HbA1c might not be a reliable measurement of hyperglycemia in some patients with certain types of hematologic disorders, such as SCD.43, 44 Limited data have been published on the effect of such hemoglobinopathies on glycemic monitoring. Schnedl et al.44 reported that several hemoglobinopathies cause false HbA1c results. SCD causes the lifespan of the red blood cell to be shortened to approximately 10–14 days (the normal lifespan is approx120 days). The HbA1c measurement in a person with SCD would, therefore, not accurately reflect glycemic control over a 3 month period as normally expected, because the red blood cells do not have time to become glycosylated before being removed from circulation. Consequently, the measured HbA1c might be spuriously low. Serum fructosamine levels have been proposed as an appropriate laboratory measurement when monitoring long-term glycemic control in patients with diabetes mellitus and SCD.45, 46, 47 Moderately raised serum bilirubin concentrations do not cause any significant interference in the assay of fructosamine in such patients.46

The fructosamine test, a colorimetric assay, is now one of the most widely used tests used to assess glycemic control and corresponds well with the concentrations of glucose and HbA1c.47 A single measurement with this assay provides an assessment of glycemic control over the preceding 2–3 weeks.45, 46, 47, 48 Some limitations with the use of the fructosamine assay have been noted, including the short half-life of fructosamine, which might result in fructosamine being more susceptible to rapid changes in blood glucose, difficulty with standardization of the assay because albumin can be highly affected by disease states and drugs, and limited practical use for outpatient evaluations in which patients are seen at lengthy intervals of 3–6 months. Despite these limitations, it seems that fructosamine might be useful in monitoring glycemic control in patients with SCD, in whom there would be an overabundance of young erythrocytes.

Hypothyroidism

The reports of thyroid assessment in patients with SCD have been inconsistent. Abnormal thyroid function studies have been reported in patients with SCD9, 10, 12 or hemochromatosis.48 Male patients with the SS genotype had significantly lower endogenous T3 and higher TSH levels than a comparison group.49 Stimulation with TSH-releasing hormone showed increases in TSH that were significantly greater in SCD compared with controls and thus were suggestive of primary thyroidal failure.49

The etiology of thyroid dysfunction in SCD is not clear; however, most affected patients have received multiple transfusions consistent with severe iron overload. Autopsy reports in some patients have shown significant iron deposition in the thyroid gland, suggesting that the etiology of the primary thyroid failure might well be transfusional hemosiderosis and subsequent cellular damage to the thyroid gland.50

More-recent studies, however, have failed to show significant clinical abnormalities of the pituitary–thyroid axis. In a study of 90 children with homozygous SCD, 45 children with heterozygous sickle cell trait and 162 control (healthy) children, serum levels of endogenous T4, the in vitro T3 resin uptake (T3RU) and the calculated 'free thyroxine index' (T4 times T3RU) were not significantly different between the three groups.11 The T3RU indirectly measures the number of unoccupied protein binding sites for T4 and T3 in the serum. Low T3RU levels therefore correlate with states of elevated thyroid-binding globulin levels and high T3RU levels correlate with decreased thyroid-binding globulin levels. In situations where a free-T4 assay is not available, the free thyroxine index can be used to correct for variation in thyroid-binding globulin and the calculated result correlates well with the level of free T4 in the circulation.

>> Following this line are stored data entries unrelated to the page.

lemma strip_estimate_smooth:
  fixes \<phi> :: "real \<times> real \<Rightarrow> real" and a b :: real and Y :: "real set"
  defines "S \<equiv> {-a..a} \<times> Y" and "Q \<equiv> {-b..b} \<times> Y"
  assumes a: "a > 0" and b: "0 \<le> b" "b \<le> a" and Y: "Y \<in> sets borel"
    and U: "open U" "S \<subseteq> U"
    and diff: "\<phi> differentiable_on U" "iterpd [True] \<phi> differentiable_on U"
  shows "(\<integral>\<^sup>+z. ennreal (indicator Q z * (\<phi> z)\<^sup>2) \<partial>lebesgue)
     \<le> ennreal (3 * b / a) * (\<integral>\<^sup>+z. ennreal (indicator S z * (\<phi> z)\<^sup>2) \<partial>lebesgue)
       + ennreal (2 * a * b) * (\<integral>\<^sup>+z. ennreal (indicator S z * (norm (grad \<phi> z))\<^sup>2) \<partial>lebesgue)"
proof -
  have S: "S \<in> sets borel" and Q: "Q \<in> sets borel" and QS: "Q \<subseteq> S"
    using Y b unfolding S_def Q_def by (auto intro: sets_borel_Times_interval)
  have cont: "continuous_on S \<phi>" "continuous_on S (iterpd [True] \<phi>)"
    using diff U by (auto intro: continuous_on_subset differentiable_imp_continuous_on)
  have deriv: "((\<lambda>s. \<phi> (s, y)) has_real_derivative iterpd [True] \<phi> (x, y)) (at x)"
    if "(x, y) \<in> S" for x y
    using that U diff(1)
    by (intro has_real_derivative_first_partial) (auto simp: differentiable_on_eq_differentiable_at)
  have meas: "(\<lambda>z. indicator A z * (f z)\<^sup>2) \<in> borel_measurable borel"
    if "A \<in> {S, Q}" "f \<in> {\<phi>, iterpd [True] \<phi>}" for A f
    using that S Q cont continuous_on_subset[OF cont(1) QS] continuous_on_subset[OF cont(2) QS]
    by (auto intro!: borel_measurable_indicator_mult_continuous continuous_intros)
  have "(\<integral>\<^sup>+z. ennreal (indicator Q z * (\<phi> z)\<^sup>2) \<partial>lebesgue)
      = (\<integral>\<^sup>+z. ennreal (indicator Q z * (\<phi> z)\<^sup>2) \<partial>lborel)"
    using meas by (simp add: nn_integral_completion)
  also have "\<dots> \<le> ennreal (3 * b / a) * (\<integral>\<^sup>+z. ennreal (indicator S z * (\<phi> z)\<^sup>2) \<partial>lborel)
       + ennreal (2 * a * b) * (\<integral>\<^sup>+z. ennreal (indicator S z * (iterpd [True] \<phi> z)\<^sup>2) \<partial>lborel)"
    using nn_integral_strip_le[OF a b Y cont[unfolded S_def] deriv[unfolded S_def]]
    unfolding S_def Q_def .
  also have "(\<integral>\<^sup>+z. ennreal (indicator S z * (\<phi> z)\<^sup>2) \<partial>lborel)
      = (\<integral>\<^sup>+z. ennreal (indicator S z * (\<phi> z)\<^sup>2) \<partial>lebesgue)"
    using meas by (simp add: nn_integral_completion)
  also have "(\<integral>\<^sup>+z. ennreal (indicator S z * (iterpd [True] \<phi> z)\<^sup>2) \<partial>lborel)
      = (\<integral>\<^sup>+z. ennreal (indicator S z * (iterpd [True] \<phi> z)\<^sup>2) \<partial>lebesgue)"
    using meas by (simp add: nn_integral_completion)
  also have "\<dots> \<le> (\<integral>\<^sup>+z. ennreal (indicator S z * (norm (grad \<phi> z))\<^sup>2) \<partial>lebesgue)"
    by (intro nn_integral_mono ennreal_leI mult_left_mono) (auto simp: grad_def norm_Pair)
  finally show ?thesis
    by (simp add: mult_left_mono)
qed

Body composition and energy expenditure

SCD is associated with a consistent pattern of anthropomorphic findings characterized by low lean body mass and fat mass.18, 19, 32 The combination of increased resting energy expenditure and nutritional factors accounts for many of the reported changes in body composition in children and adolescents with SCD. The effects of chronic illness, anemia, increased cardiac workload, hyperactive erythropoiesis, increased protein turnover, and inflammatory and oxidative stress all contribute to the hypermetabolic state in SCD.23, 27 In one study comparing measures of metabolism derived from indirect calorimetry and the doubly labeled water technique in children with SCD and matched healthy control subjects, the children with SCD had elevated resting energy expenditure but decreased activity-related energy expenditure.51 Elevated resting energy expenditure and lower activity-related energy expenditure, coupled with growth failure, strongly implicate chronic energy deficiency in children with SCD.

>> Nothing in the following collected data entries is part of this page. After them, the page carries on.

(* Let $L=\langle S,A,\to\rangle$ be a labelled transition system and $x,y\in\{o,b\}$. Then $\mathrel{\underline{\leftrightarrow}}^{ed}_{(x,y)}$ has the stuttering property: whenever $t_0\xrightarrow{\tau}t_1\xrightarrow{\tau}\cdots\xrightarrow{\tau}t_k$ with $t_0\mathrel{\underline{\leftrightarrow}}^{ed}_{(x,y)}t_k$, then $t_i\mathrel{\underline{\leftrightarrow}}^{ed}_{(x,y)}t_j$ for all $0\le i,j\le k$.
   Context: An LTS is $\langle S,A,\to\rangle$ with states $S$, actions $A$ containing the internal action $\tau$, and $\to\subseteq S\times A\times S$; write $s\xrightarrow{a}t$, $\twoheadrightarrow$ for the reflexive-transitive and $\twoheadrightarrow^+$ for the transitive closure of $\xrightarrow{\tau}$. For $R\subseteq S\times S$ and $s,s',t$: $s\twoheadrightarrow_{o,R,t}s'$ iff $s\twoheadrightarrow s'$; $s\twoheadrightarrow_{b,R,t}s'$ iff $s\twoheadrightarrow s'$, $t\,R\,s$ and $t\,R\,s'$. For $x,y\in\{o,b\}$, a symmetric $R$ is an $(x,y)$-generic bisimulation if whenever $s\,R\,t$ and $s\xrightarrow{a}s'$, either $a=\tau$ and $s'\,R\,t$, or there exist $t',t_1,t_2$ with $t\twoheadrightarrow_{x,R,s}t_1\xrightarrow{a}t_2\twoheadrightarrow_{y,R,s'}t'$ and $s'\,R\,t'$. $R$ is an $(x,y)$-generic bisimulation with explicit divergence if it is an $(x,y)$-generic bisimulation and for all $s\,R\,t$, if there is an infinite sequence $s=s_0\xrightarrow{\tau}s_1\xrightarrow{\tau}s_2\cdots$, then there exist $t'$ with $t\twoheadrightarrow^+t'$ and some $k$ with $s_k\,R\,t'$. $s\mathrel{\underline{\leftrightarrow}}^{ed}_{(x,y)}t$ iff some such relation relates $s$ and $t$. *)

theory Defs
  imports Main
begin

text \<open>A labelled transition system is given by a transition relation
  lts s a t (meaning s --a--> t) over a state type 's and an action type 'a,
  together with a distinguished internal action tau.\<close>

datatype mode = Mo | Mb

Barden et al. studied growth dynamics, nutritional status and body composition in 36 African American children with SCD and 30 healthy control children of similar age and ethnicity.19 Compared with control subjects, children with SCD had impaired growth, delayed skeletal maturation and significantly lower z-scores for weight, height, arm circumference, and upper arm fat and muscle areas. Low z-scores for upper arm fat area indicate subnormal fat stores and the low fat-free mass indicates muscle wasting and low protein stores. Contributory factors for these deficits include decreased appetite and food intake and increased energy expenditure due to hyperactive bone marrow and hypermetabolism.

Better management of nutritional needs and timely correction of endocrine deficiencies have been advocated as a means of improving adult height in children with SCD.18, 51, 52 In contrast to the findings in children and adolescents, a study of adult women with SCD indicated a disproportionately high amount of body fat for their BMI.53 It is thus possible that antecedent nutritional deficiency in childhood might predispose to excessive adiposity later in life.

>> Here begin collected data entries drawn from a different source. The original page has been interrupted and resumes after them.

definition colour_classes :: "('a \<Rightarrow> 'c) \<Rightarrow> 'a set \<Rightarrow> 'a set set" where
  "colour_classes c \<Omega> = (\<lambda>i. {x \<in> \<Omega>. c x = i}) ` c ` \<Omega>"

definition distinguishing_colouring :: "('a \<Rightarrow> 'a) set \<Rightarrow> 'a set \<Rightarrow> ('a \<Rightarrow> 'c) \<Rightarrow> bool" where
  "distinguishing_colouring G \<Omega> c \<longleftrightarrow> (\<forall>g\<in>G. (\<forall>x\<in>\<Omega>. c (g x) = c x) \<longrightarrow> g = id)"

lemma is_partition_colour_classes: "is_partition (colour_classes c \<Omega>) \<Omega>"
  unfolding is_partition_def colour_classes_def by auto

lemma card_colour_classes: "card (colour_classes c \<Omega>) = card (c ` \<Omega>)"
  unfolding colour_classes_def by (rule card_image) (auto simp: inj_on_def)

lemma distinguishes_colour_classes:
  assumes "distinguishing_colouring G \<Omega> c"
  shows "distinguishes G (colour_classes c \<Omega>)"
  unfolding distinguishes_def
proof (intro ballI impI)
  fix g assume "g \<in> G" and stable: "\<forall>B\<in>colour_classes c \<Omega>. g ` B = B"
  have "c (g x) = c x" if "x \<in> \<Omega>" for x
  proof -
    have "{y \<in> \<Omega>. c y = c x} \<in> colour_classes c \<Omega>"
      using that unfolding colour_classes_def by blast
    then have class_stable: "g ` {y \<in> \<Omega>. c y = c x} = {y \<in> \<Omega>. c y = c x}"
      by (rule bspec[OF stable])
    have "g x \<in> g ` {y \<in> \<Omega>. c y = c x}"
      using that by simp
    then show ?thesis
      unfolding class_stable by simp
  qed
  then show "g = id"
    using assms \<open>g \<in> G\<close> unfolding distinguishing_colouring_def by blast
qed

lemma distinguishing_number_le_card_colours:
  assumes "\<Omega> \<noteq> {}" and "finite (c ` \<Omega>)" and "distinguishing_colouring G \<Omega> c"
  shows "distinguishing_number G \<Omega> \<le> card (c ` \<Omega>)"
  using distinguishing_number_le[OF is_partition_colour_classes _ distinguishes_colour_classes[OF assms(3)]]
    assms(1,2) by (simp add: card_colour_classes card_gt_0_iff)

definition part_of :: "'a set set \<Rightarrow> 'a \<Rightarrow> 'a set" where
  "part_of P x = (THE B. B \<in> P \<and> x \<in> B)"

In addition to macronutrient deficits, deficiencies of zinc and other vitamins have been reported in SCD.54 Children with SCD have, furthermore, been shown to have partial fat and vitamin E malabsorption caused by decreased bile salt secretion.55 Low serum vitamin D status is prevalent in African American children with SCD.52, 56

Risk factors for hypovitaminosis D include inadequate sun exposure, impaired intestinal absorption of vitamin D, hepatic and renal abnormalities, and reduced intake of milk and dairy products because of lactose intolerance, among others. Because diffuse musculoskeletal aches and pains associated with vitamin D deficiency can be confused with or superimposed upon the classical bone pain crisis of SCD, it is imperative that physicians routinely evaluate and correct any vitamin D deficiency. Lastly, socioeconomic status should also be taken into account in addition to clinical factors when assessing nutritional status of patients with SCD and, in turn, the health care provider should tailor an adequate nutrition plan that is appropriate for the patient's financial limitations.

Bone mineral density

Low BMD has been reported in male and female children and adults with SCD.57, 58 In a study of 32 adults with SCD (mean age of 34 years), 72% had low BMD at one or more anatomic sites and 40% were classified as osteoporotic.58 The lumbar spine seems to be particularly susceptible to osteoporotic changes in patients with SCD, and there were significant correlations between low BMD and low BMI, male gender, and low serum zinc concentrations.58 Markers of bone formation are elevated whereas bone resorption is decreased in children with SCD compared with healthy children.58 Additional mechanisms and risk factors for osteopenia in SCD include delayed puberty and low accrual of peak bone mass, bone microinfarcts resulting from repeated sickling crises, chronic illness with immobilization, and calcium, vitamin D and other nutritional deficiencies.56, 59 Despite reports of pervasive osteopenia in SCD, data on fracture risk and effects of therapeutic interventions are lacking.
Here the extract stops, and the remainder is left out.